The American economy is “the” economy in the global free market system. All roads leads to it as the epicenter of global market economy; its consumers are “the” consumers of this integrated economy as trendsetters of new patterns of consumption, pioneers in the use of new technologies, new payment technologies, or just consumers consuming.
How did this come to be?
Answer: neo-liberalism
Neo-liberalism, the political theory partnering the economicsof globalization, was instituted during the Conservative administration of Prime Minister Margaret Thatcher of United Kingdom (1979) and, the Republican Presidential administration of Ronald Reagan (1981).
Thatcherism was defined by deregulation, flexible labor markets, privatization of state owned corporations, and hostility to trade unions. Reagonomics was defined by “supply-side economics”-(i.e., monetarism)- and was based upon disciplined control of money supply to control inflation, reductions in corporation tax, reduction in red tape, reductions in government spending, at the Federal, State, and Municipal levels and unbridled hostility to trade unions.
For both political leaders state monetary policy-(i.e., preserving the value of money to avoid a rise in inflation by controlling the government’s printing of money) – was the raison d’etre of responsible government. This project had a missionary commitment to profit making in a free market for global corporations and an unbridled hostility to the state as an agent of social progress, which for it was equivalent to socialism. The state, for the neo liberalism, was an ally of multinational corporations.
The state was a night-watchman state, a minimalist state, that is, one minimally involved in the management of the economy and which kept its distance from the private affairs of private business, conceiving of the unregulated private sector as the chief vehicle for wealth accumulation for private holders of investment capital. This private wealth would eventually “trickle down” to the middling classes and poor. The main intellectual architect of this economic philosophy was the University of Chicago economist, Milton Freidman-(of “Capitalism and Freedom” fame)-, along with Austrian economists Friedrich Hayek-(The Road to Serfdom)-and Ludwig von Mises-(Socialism: An Economic and Sociological Analysis).
The state was purposed to free business from unnecessary regulation and social obligations. The coordinates of this line of thinking: removal of state support in the provision of social services to better the common lot of ordinary people-“the social compulsive”-through privatizing social services via levying of fees for services that previously the state provided for free; removal of state controls on corporate taxes (or oversee substantial reductions) and remitted profits; removal of foreign currency controls; repression of trades unions and lowering of wages; the removal of wage and price controls; restriction of the money supply. This formula of corporation-friendly economics at its core was insensitive to the material lot of working people and was predetermined by a desire by ruling elites in the metropole to reverse post-Second World war concessions to its own working classes and organized labor, made to preserve social unity in their war against established socialism-(read: Soviet led international socialism and the Cold War).

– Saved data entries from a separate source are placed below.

lemma closest_point_Kset_normal:
  assumes a: "admissible_theta \<theta>" and pp: "pp = closest_point (Kset \<theta>) p"
    and x: "0 < pp$1" and y: "0 < pp$2" and z: "pp$3 = \<theta> (pp$1) (pp$2)"
  obtains l where "0 \<le> l"
    and "p = pp + l *\<^sub>R vector [- pd1 \<theta> (pp$1) (pp$2), - pd2 \<theta> (pp$1) (pp$2), 1]"
proof -
  have nearest: "(p$1 - pp$1)\<^sup>2 + (p$2 - pp$2)\<^sup>2 + (p$3 - pp$3)\<^sup>2
      \<le> (p$1 - v$1)\<^sup>2 + (p$2 - v$2)\<^sup>2 + (p$3 - v$3)\<^sup>2" if "v \<in> Kset \<theta>" for v
  proof -
    have "dist p pp \<le> dist p v" using closest_point_le[OF closed_Kset[OF a] that] pp by simp
    then have "(dist p pp)\<^sup>2 \<le> (dist p v)\<^sup>2" by (intro power_mono) auto
    then show ?thesis by (simp only: dist_vec3_power2)
  qed
  define l where "l = p$3 - pp$3"
  have "p$1 = pp$1 - (p$3 - \<theta> (pp$1) (pp$2)) * pd1 \<theta> (pp$1) (pp$2)"
  proof (rule graph_nearest_point_normal[OF admissible_theta_has_pd1[OF a x y] open_greaterThan])
    fix s :: real assume "s \<in> {0<..}"
    then have "vector [s, pp$2, \<theta> s (pp$2)] \<in> Kset \<theta>"
      unfolding Kset_def using y admissible_theta_nonneg[OF a, of s "pp$2"] by simp
    from nearest[OF this] show "(p$1 - pp$1)\<^sup>2 + (p$3 - \<theta> (pp$1) (pp$2))\<^sup>2
        \<le> (p$1 - s)\<^sup>2 + (p$3 - \<theta> s (pp$2))\<^sup>2"
      using z by simp
  qed (use x in simp)
  moreover have "p$2 = pp$2 - (p$3 - \<theta> (pp$1) (pp$2)) * pd2 \<theta> (pp$1) (pp$2)"
  proof (rule graph_nearest_point_normal[OF admissible_theta_has_pd2[OF a x y] open_greaterThan])
    fix t :: real assume "t \<in> {0<..}"
    then have "vector [pp$1, t, \<theta> (pp$1) t] \<in> Kset \<theta>"
      unfolding Kset_def using x admissible_theta_nonneg[OF a, of "pp$1" t] by simp
    from nearest[OF this] show "(p$2 - pp$2)\<^sup>2 + (p$3 - \<theta> (pp$1) (pp$2))\<^sup>2
        \<le> (p$2 - t)\<^sup>2 + (p$3 - \<theta> (pp$1) t)\<^sup>2"
      using z by simp
  qed (use y in simp)
  moreover have "0 \<le> l"
  proof (rule ccontr)
    assume "\<not> 0 \<le> l"
    have "0 < pp$3" using z admissible_theta_pos[OF a x y] by simp
    \<comment> \<open>lowering the third coordinate to \<open>max 0 (p$3)\<close> stays in \<open>K\<close> and gets closer to \<open>p\<close>\<close>
    have "vector [pp$1, pp$2, max 0 (p$3)] \<in> Kset \<theta>"
      unfolding Kset_def using x y z \<open>\<not> 0 \<le> l\<close> admissible_theta_nonneg[OF a, of "pp$1" "pp$2"]
      by (auto simp: l_def)
    from nearest[OF this] have "(p$3 - pp$3)\<^sup>2 \<le> (p$3 - max 0 (p$3))\<^sup>2" by simp
    moreover have "(p$3 - max 0 (p$3))\<^sup>2 < (p$3 - pp$3)\<^sup>2"
    proof (cases "0 \<le> p$3")
      case True
      then show ?thesis using \<open>\<not> 0 \<le> l\<close> by (simp add: l_def)
    next
      case False
      then have "(- p$3) * (- p$3) < (pp$3 - p$3) * (pp$3 - p$3)"
        using \<open>0 < pp$3\<close> by (intro mult_strict_mono) auto
      then show ?thesis using False by (simp add: power2_eq_square algebra_simps)
    qed
    ultimately show False by simp
  qed
  ultimately have "p = pp + l *\<^sub>R vector [- pd1 \<theta> (pp$1) (pp$2), - pd2 \<theta> (pp$1) (pp$2), 1]"
    using z by (simp add: l_def vec_eq_iff forall_3)
  with \<open>0 \<le> l\<close> show ?thesis by (rule that)
qed

lemma graph_point_eq_scaled_wvec_iff:
  assumes a: "admissible_theta \<theta>" and x: "0 < v$1" and y: "0 < v$2" and z: "v$3 = \<theta> (v$1) (v$2)"
    and q: "0 < q" and \<tau>: "0 < \<tau>"
  shows "v = \<tau> *\<^sub>R wvec \<theta> q \<longleftrightarrow> q = v$1 / v$2 \<and> \<tau> = sqrt (v$1 * v$2)"
proof
  assume "v = \<tau> *\<^sub>R wvec \<theta> q"
  moreover have "\<tau> / sqrt q * q = \<tau> * sqrt q"
    using q by (metis real_div_sqrt less_imp_le times_divide_eq_right mult.commute)
  ultimately have "v$1 = \<tau> * sqrt q" "v$2 = \<tau> / sqrt q"
    unfolding wvec_eq[OF a q] by simp_all
  then show "q = v$1 / v$2 \<and> \<tau> = sqrt (v$1 * v$2)"
    using q \<tau> by (simp add: real_sqrt_mult)
next
  assume qv: "q = v$1 / v$2 \<and> \<tau> = sqrt (v$1 * v$2)"
  then have "\<tau> / sqrt q = v$2"
    using x y by (simp add: real_sqrt_mult real_sqrt_divide)
  then show "v = \<tau> *\<^sub>R wvec \<theta> q"
    unfolding wvec_eq[OF a q] using x y z qv admissible_theta_eq_scaled[OF a x y]
    by (simp add: vec_eq_iff forall_3)
qed
lemma locally_compact:
  assumes "x \<in> M" "x \<in> U"
  obtains \<rho> where "\<rho> > 0" "compact (M \<inter> cball x \<rho>)"
proof -
  obtain s where s: "s \<in> T" "s \<in> W" "x = s + h s"
    using assms by (rule M_in_chartE)
  have "isCont (\<lambda>t. t + h t) s"
    using Ck_on_1_continuous_on[OF C1] open_W s(2)
    by (intro continuous_intros) (simp_all add: continuous_on_eq_continuous_at)
  then have "\<forall>\<^sub>F t in nhds s. t + h t \<in> U \<and> t \<in> W"
    using open_U open_W assms(2) s by (intro eventually_conj isCont_eventually_in_open) auto
  then obtain r where "r > 0" and r: "\<And>t. dist t s \<le> r \<Longrightarrow> t + h t \<in> U \<and> t \<in> W"
    unfolding eventually_nhds_metric_le by blast
  obtain r' where "r' > 0" "cball x r' \<subseteq> U"
    using open_U assms(2) open_contains_cball by blast
  define \<rho> where "\<rho> = min r r'"
  define K where "K = T \<inter> cball s \<rho>"
  have K: "t \<in> W" "t + h t \<in> U" if "t \<in> K" for t
    using that r[of t] by (auto simp: K_def \<rho>_def dist_commute)
  have "compact K"
    unfolding K_def using closed_subspace[OF subspace] by (simp add: closed_Int_compact)
  moreover have "continuous_on K (\<lambda>t. t + h t)"
    using continuous_on_subset[OF Ck_on_1_continuous_on[OF C1]] K(1)
    by (intro continuous_on_add continuous_on_id) blast
  ultimately have "compact ((\<lambda>t. t + h t) ` K \<inter> cball x \<rho>)"
    by (intro compact_Int_closed compact_continuous_image closed_cball)
  moreover have "M \<inter> cball x \<rho> = (\<lambda>t. t + h t) ` K \<inter> cball x \<rho>"
  proof
    have "cball x \<rho> \<subseteq> U"
      using \<open>cball x r' \<subseteq> U\<close> by (auto simp: \<rho>_def)
    then show "M \<inter> cball x \<rho> \<subseteq> (\<lambda>t. t + h t) ` K \<inter> cball x \<rho>"
      using M_cball_subset_graph_image[OF s(1)] s(3) by (auto simp: K_def)
    have "(\<lambda>t. t + h t) ` K \<subseteq> M"
      using K graph_in_M by (auto simp: K_def)
    then show "(\<lambda>t. t + h t) ` K \<inter> cball x \<rho> \<subseteq> M \<inter> cball x \<rho>"
      by blast
  qed
  moreover have "\<rho> > 0"
    using \<open>r > 0\<close> \<open>r' > 0\<close> by (simp add: \<rho>_def)
  ultimately show thesis
    using that by simp
qed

Anti-socialism was the dominant subtext of the imperial project of neoliberal globalization both domestically and globally.
The United States of America as the most powerful capitalist nation in the world in post-Second World War era, along with its British ally-(the American-Anglo compact)- desired to crush socialism globally and sought to so do by a variety of measures one of which was the integration of the entire world economy on a free market platform of integrated production and supply networks for agricultural, low cost consumer items and natural resources from the periphery with unregulated capital and sophisticated technology supplied from the metropole. Obedience to its dictates meant celebration and support for elites so complicit; rebellion: regime change; assassination; sanctions; isolation and exclusion from global financial markets.
The periphery is not allowed to engage in secondary production of manufactured goods for a integrated domestic market. They are to meet their needs for manufactured goods and technology via imports from the metropolitan core-(think: European Union; USA; UK; and Japan) and content themselves supplying raw materials to the global market in accordance their supposed comparative advantage. This arrangement of the global order viewed the new entrants into the global production cycle as cheap labor pools that would remain in such a condition in perpetuity. Neo-liberalism was the natural order of the universe and as such was the earliest footprint of the eternal in the present.
Unseen and hence unprepared for by the architects of empire, that is, the corporate and policy makers in Washington, London, the World Bank and International Monetary Fund, was the advantage some nations would make of their incorporation into this order to the detriment of the domestic economy in the metropole-(think: China). Their labor cost advantages savaged the high wages of working people in the domestic economies of the metropole, destroying the traditional industries that provided them a high standard of living: car; steel; consumer products. Even though this was intended, its pace of revelation came as a shock to the managerial constitution of imperial policy makers.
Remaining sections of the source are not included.